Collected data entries
◆ ◆ ◆
lemma inj_on_ext_col:
  assumes "(i, j) \<in> pairs m"
  shows "inj_on (ext_col i j) (Pow (free_rows i j))"
proof (rule inj_onI)
  have support: "{k. k < m \<and> ext_col i j W ! k \<noteq> 2} - {i, j} = W" if "W \<subseteq> free_rows i j" for W
  proof -
    have "W \<subseteq> {..<m} - {i, j}" using that blocks_disjoint by (auto simp: free_rows_def)
    then show ?thesis by (auto simp: ext_col_nth ext_entry_def free_value_def split: if_splits)
  qed
  fix W W' assume W: "W \<in> Pow (free_rows i j)" and W': "W' \<in> Pow (free_rows i j)"
    and eq: "ext_col i j W = ext_col i j W'"
  have "W = {k. k < m \<and> ext_col i j W ! k \<noteq> 2} - {i, j}" using support W by simp
  also have "\<dots> = {k. k < m \<and> ext_col i j W' ! k \<noteq> 2} - {i, j}" by (simp only: eq)
  also have "\<dots> = W'" using support W' by simp
  finally show "W = W'" .
qed

lemma card_free_rows: "s + t - 2 \<le> card (free_rows i j)"
proof -
  have "card ({..<s} \<union> {m - t..<m}) = s + t"
    using blocks_disjoint by (subst card_Un_disjoint) auto
  moreover have "card {i, j} \<le> 2" by (simp add: card_insert_le_m1)
  ultimately show ?thesis
    unfolding free_rows_def using diff_card_le_card_Diff[of "{i, j}" "{..<s} \<union> {m - t..<m}"] by simp
qed

lemma base_col_column: "length (base_col Z x) = m \<and> set (base_col Z x) \<subseteq> {..<3}"
  by (auto simp: base_col_def base_entry_def)

lemma ext_col_column: "length (ext_col i j W) = m \<and> set (ext_col i j W) \<subseteq> {..<3}"
  by (auto simp: ext_col_def ext_entry_def pattern_def free_value_def)

lemma finite_free_rows: "finite (free_rows i j)"
  by (simp add: free_rows_def)

lemma card_base_cols_eq: "card base_cols = base_size m"
  by (simp add: base_cols_def card_base_cols)

lemma exists_matrix_with_few_violations:
  fixes \<beta> :: "nat \<times> nat \<Rightarrow> nat"
  assumes budget: "\<And>ij. ij \<in> pairs m \<Longrightarrow> \<beta> ij \<le> 2 ^ (s + t - 2)"
  obtains A where "is_smatrix m 3 A" and "distinct A"
    and "length A = base_size m + (\<Sum>ij\<in>pairs m. \<beta> ij)"
    and "\<And>ij. ij \<in> pairs m \<Longrightarrow> card {c \<in> set A. ij \<in> violations c} \<le> \<beta> ij"
proof -
  have "\<exists>T. T \<subseteq> Pow (free_rows (fst ij) (snd ij)) \<and> card T = \<beta> ij" if "ij \<in> pairs m" for ij
  proof -
    have "(2::nat) ^ (s + t - 2) \<le> 2 ^ card (free_rows (fst ij) (snd ij))"
      using card_free_rows by (intro power_increasing) auto
    then have "\<beta> ij \<le> 2 ^ card (free_rows (fst ij) (snd ij))"
      using budget[OF that] by linarith
    then have "\<beta> ij \<le> card (Pow (free_rows (fst ij) (snd ij)))"
      by (simp add: card_Pow finite_free_rows)
    then show ?thesis by (meson obtain_subset_with_card_n)
  qed
  then have "\<exists>Ws. \<forall>ij\<in>pairs m. Ws ij \<subseteq> Pow (free_rows (fst ij) (snd ij)) \<and> card (Ws ij) = \<beta> ij"
    by (intro bchoice ballI)
  then obtain Ws where Ws: "\<And>ij. ij \<in> pairs m \<Longrightarrow>
      Ws ij \<subseteq> Pow (free_rows (fst ij) (snd ij)) \<and> card (Ws ij) = \<beta> ij" by blast
  define E where "E ij = ext_col (fst ij) (snd ij) ` Ws ij" for ij
  define C where "C = base_cols \<union> (\<Union>ij\<in>pairs m. E ij)"
  have violations_E: "violations c = {ij}" if "ij \<in> pairs m" "c \<in> E ij" for ij c
    using that Ws[OF that(1)] violations_ext_col[of "fst ij" "snd ij"] by (auto simp: E_def)
  have card_E: "card (E ij) = \<beta> ij" if "ij \<in> pairs m" for ij
    using Ws[OF that] inj_on_subset[OF inj_on_ext_col[of "fst ij" "snd ij"]] that
    by (simp add: E_def card_image)
  have finite_E: "finite (E ij)" if "ij \<in> pairs m" for ij
  proof -
    have "finite (Ws ij)" using Ws[OF that] finite_free_rows by (meson finite_Pow_iff finite_subset)
    then show ?thesis by (simp add: E_def)
  qed
  have finite_base_cols: "finite base_cols"
    by (auto simp: base_cols_def intro!: finite_SigmaI finite_imageI intro: finite_subset)
  have card_C: "card C = base_size m + (\<Sum>ij\<in>pairs m. \<beta> ij)"
    unfolding C_def
    by (subst card_Un_UN_labelled[where label = violations])
      (use finite_base_cols finite_E violations_E card_E card_base_cols_eq
        in \<open>auto simp: base_cols_def violations_base_col\<close>)
  have "finite C" using finite_base_cols finite_E by (simp add: C_def)
  then obtain A where A: "set A = C" "distinct A" using finite_distinct_list by blast
  show ?thesis
  proof
    have "C \<subseteq> {c. length c = m \<and> set c \<subseteq> {..<3}}"
      using base_col_column ext_col_column by (fastforce simp: C_def E_def base_cols_def)
    then show "is_smatrix m 3 A" using A(1) by (auto simp: is_smatrix_def)
    show "distinct A" by (fact A(2))
    show "length A = base_size m + (\<Sum>ij\<in>pairs m. \<beta> ij)"
      using card_C distinct_card[OF A(2)] A(1) by simp
    fix ij assume ij: "ij \<in> pairs m"
    have "{c \<in> set A. ij \<in> violations c} \<subseteq> E ij"
      using A(1) violations_E by (auto simp: C_def base_cols_def violations_base_col)
    then show "card {c \<in> set A. ij \<in> violations c} \<le> \<beta> ij"
      using card_mono[OF finite_E[OF ij]] card_E[OF ij] by fastforce
  qed
qed

lemma forb_ge_pattern_budget:
  assumes columns: "\<forall>v\<in>set F. length v = 2"
    and symmetric: "\<forall>v. count_list F (rev v) = count_list F v"
    and counts: "\<And>i j. (i, j) \<in> pairs m \<Longrightarrow>
      0 < count_list F (pattern i j) \<and> count_list F (pattern i j) \<le> 2 ^ (s + t - 2) + 1"
  shows "base_size m + (\<Sum>(i, j)\<in>pairs m. count_list F (pattern i j) - 1) \<le> forb m 3 2 F"
proof -
  define \<beta> where "\<beta> = (\<lambda>(i, j). count_list F (pattern i j) - 1)"
  have "\<beta> ij \<le> 2 ^ (s + t - 2)" if "ij \<in> pairs m" for ij
    using counts[of "fst ij" "snd ij"] that by (auto simp: \<beta>_def split_def)
  then obtain A where A: "is_smatrix m 3 A" "distinct A"
    and len: "length A = base_size m + (\<Sum>ij\<in>pairs m. \<beta> ij)"
    and few: "\<And>ij. ij \<in> pairs m \<Longrightarrow> card {c \<in> set A. ij \<in> violations c} \<le> \<beta> ij"
    by (rule exists_matrix_with_few_violations) blast+
  have "\<not> config 2 m F A"
  proof
    assume "config 2 m F A"
    then obtain i j where ij: "i < j" "j < m"
      and "\<forall>v. count_list F v \<le> card {c \<in> set A. [c ! i, c ! j] = v}"
      using config_two_rows_iff[OF A(2) columns symmetric] by blast
    then have "count_list F (pattern i j) \<le> card {c \<in> set A. (i, j) \<in> violations c}"
      by (simp add: violations_def pairs_def)
    moreover have "(i, j) \<in> pairs m" using ij by (simp add: pairs_def)
    ultimately show False using few[of "(i, j)"] counts[of i j] by (simp add: \<beta>_def) linarith
  qed
  then show ?thesis using length_le_forb[OF A(1)] A(2) len by (simp add: simple_def \<beta>_def)
qed

lemma card_diagonal_pattern_pairs:
  "card {(i, j) \<in> pairs m. pattern i j \<noteq> [0, 1]} \<le> (s choose 2) + (t choose 2)"
proof -
  have "{(i, j) \<in> pairs m. pattern i j \<noteq> [0, 1]} \<subseteq>
      pairs s \<union> (\<lambda>(i, j). (i + (m - t), j + (m - t))) ` pairs t"
  proof
    fix ij assume "ij \<in> {(i, j) \<in> pairs m. pattern i j \<noteq> [0, 1]}"
    then obtain i j where ij: "ij = (i, j)" "(i, j) \<in> pairs m" "pattern i j \<noteq> [0, 1]" by blast
    show "ij \<in> pairs s \<union> (\<lambda>(i, j). (i + (m - t), j + (m - t))) ` pairs t"
    proof (cases "j < s")
      case True
      then show ?thesis using ij by (auto simp: pairs_def)
    next
      case False
      then have "m - t \<le> i" "i < j" "j < m" using ij by (auto simp: pattern_def pairs_def split: if_splits)
      then have "(i - (m - t), j - (m - t)) \<in> pairs t" "ij = (i - (m - t) + (m - t), j - (m - t) + (m - t))"
        using ij(1) by (auto simp: pairs_def)
      then show ?thesis by force
    qed
  qed
  then have "card {(i, j) \<in> pairs m. pattern i j \<noteq> [0, 1]} \<le> card (pairs s) + card (pairs t)"
    by (meson card_Un_le card_image_le card_mono finite_Un finite_imageI finite_pairs le_trans add_left_mono)
  then show ?thesis by (simp add: card_pairs)
qed

lemma forb_Fmat_ge:
  assumes "q < p" and "p - 1 \<le> 2 ^ (s + t - 2)"
  shows "base_size m + (p - 1) * card (pairs m)
           \<le> forb m 3 2 (Fmat (p - q) p p (p - q)) + q * ((s choose 2) + (t choose 2))"
proof -
  let ?F = "Fmat (p - q) p p (p - q)"
  let ?D = "{(i, j) \<in> pairs m. pattern i j \<noteq> [0, 1]}"
  have count: "count_list ?F (pattern i j) = (if pattern i j = [0, 1] then p else p - q)" for i j
    by (simp add: count_list_Fmat pattern_def)
  have "base_size m + (\<Sum>(i, j)\<in>pairs m. count_list ?F (pattern i j) - 1) \<le> forb m 3 2 ?F"
  proof (rule forb_ge_pattern_budget)
    show "\<forall>v\<in>set ?F. length v = 2" by (auto simp: Fmat_def)
    show "\<forall>v. count_list ?F (rev v) = count_list ?F v" by (auto simp: count_list_Fmat rev_swap)
    have "p \<le> 2 ^ (s + t - 2) + 1" using assms(2) by linarith
    then show "0 < count_list ?F (pattern i j) \<and> count_list ?F (pattern i j) \<le> 2 ^ (s + t - 2) + 1"
      for i j using assms(1) by (auto simp: count)
  qed
  moreover have "(\<Sum>(i, j)\<in>pairs m. count_list ?F (pattern i j) - 1) + q * card ?D
      = (p - 1) * card (pairs m)"
  proof -
    have "(\<Sum>(i, j)\<in>pairs m. count_list ?F (pattern i j) - 1) + (\<Sum>(i, j)\<in>pairs m. if (i, j) \<in> ?D then q else 0)
        = (\<Sum>(i, j)\<in>pairs m. p - 1)"
      unfolding sum.distrib[symmetric] by (rule sum.cong) (use assms(1) in \<open>auto simp: count\<close>)
    moreover have "(\<Sum>(i, j)\<in>pairs m. if (i, j) \<in> ?D then q else 0) = q * card ?D"
      by (simp add: sum.If_cases split_def Int_def)
    ultimately show ?thesis by simp
  qed
  moreover have "q * card ?D \<le> q * ((s choose 2) + (t choose 2))"
    using card_diagonal_pattern_pairs by simp
  ultimately show ?thesis by linarith
qed

end

lemma le_two_power_ceiling_log:
  assumes "1 \<le> n"
  shows "n \<le> 2 ^ nat \<lceil>log 2 (real n)\<rceil>"
proof -
  define k where "k = nat \<lceil>log 2 (real n)\<rceil>"
  have "0 \<le> log 2 (real n)" using assms by simp
  then have "log 2 (real n) \<le> real k" unfolding k_def by linarith
  then have "2 powr log 2 (real n) \<le> 2 powr real k" by (rule powr_mono) simp
  then have "real n \<le> 2 ^ k" using assms by (simp add: powr_realpow)
  then show ?thesis unfolding k_def[symmetric] by (metis of_nat_le_iff of_nat_numeral of_nat_power)
qed

lemma diff_one_le_choose_two: "n - 1 \<le> n choose 2"
  by (cases n) (simp_all add: numeral_2_eq_2)

theorem mainTheorem13:
  fixes p q m r N :: nat
  assumes "p \<ge> 2"
    and "r = nat \<lceil>log 2 (real (p - 1))\<rceil>"
    and "N = (((r + 1) div 2 + 1) choose 2) + ((r div 2 + 1) choose 2)"
    and "q \<le> p - 1"
    and "m \<ge> 2 * N + 2"
  shows "int (forb m 3 2 (Fmat (p - q) p p (p - q)))
           \<ge> int (forb m 3 2 (copiesK2 p)) - int q * int N"
proof -
  define s where "s = (r + 1) div 2 + 1"
  define t where "t = r div 2 + 1"
  have st: "s + t - 2 = r" and N: "N = (s choose 2) + (t choose 2)"
    using assms(3) by (simp_all add: s_def t_def)
  have "s + t \<le> m"
    using diff_one_le_choose_two[of s] diff_one_le_choose_two[of t] st N assms(5)
    by (simp add: s_def t_def)
  then interpret row_blocks m s t by unfold_locales
  have "p - 1 \<le> 2 ^ (s + t - 2)" using le_two_power_ceiling_log[of "p - 1"] assms(1,2) st by simp
  then have "base_size m + (p - 1) * card (pairs m) \<le> forb m 3 2 (Fmat (p - q) p p (p - q)) + q * N"
    using forb_Fmat_ge assms(1,4) N by simp
  moreover have "forb m 3 2 (copiesK2 p) \<le> base_size m + (p - 1) * card (pairs m)"
    using forb_copiesK2_le assms(1) by simp
  ultimately have "int (forb m 3 2 (copiesK2 p)) \<le> int (forb m 3 2 (Fmat (p - q) p p (p - q))) + int q * int N"
    by (metis le_trans of_nat_add of_nat_le_iff of_nat_mult)
  then show ?thesis by linarith
qed

end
◆ ◆ ◆
> **INSTRUCTIONS FOR THE TASK**
In the lines above, find the word "meson" and copy each line that contains it.

> **PROBLEM SOLUTION**
    then show ?thesis by (meson obtain_subset_with_card_n)
    have "finite (Ws ij)" using Ws[OF that] finite_free_rows by (meson finite_Pow_iff finite_subset)
    by (meson card_Un_le card_image_le card_mono finite_Un finite_imageI finite_pairs le_trans add_left_mono)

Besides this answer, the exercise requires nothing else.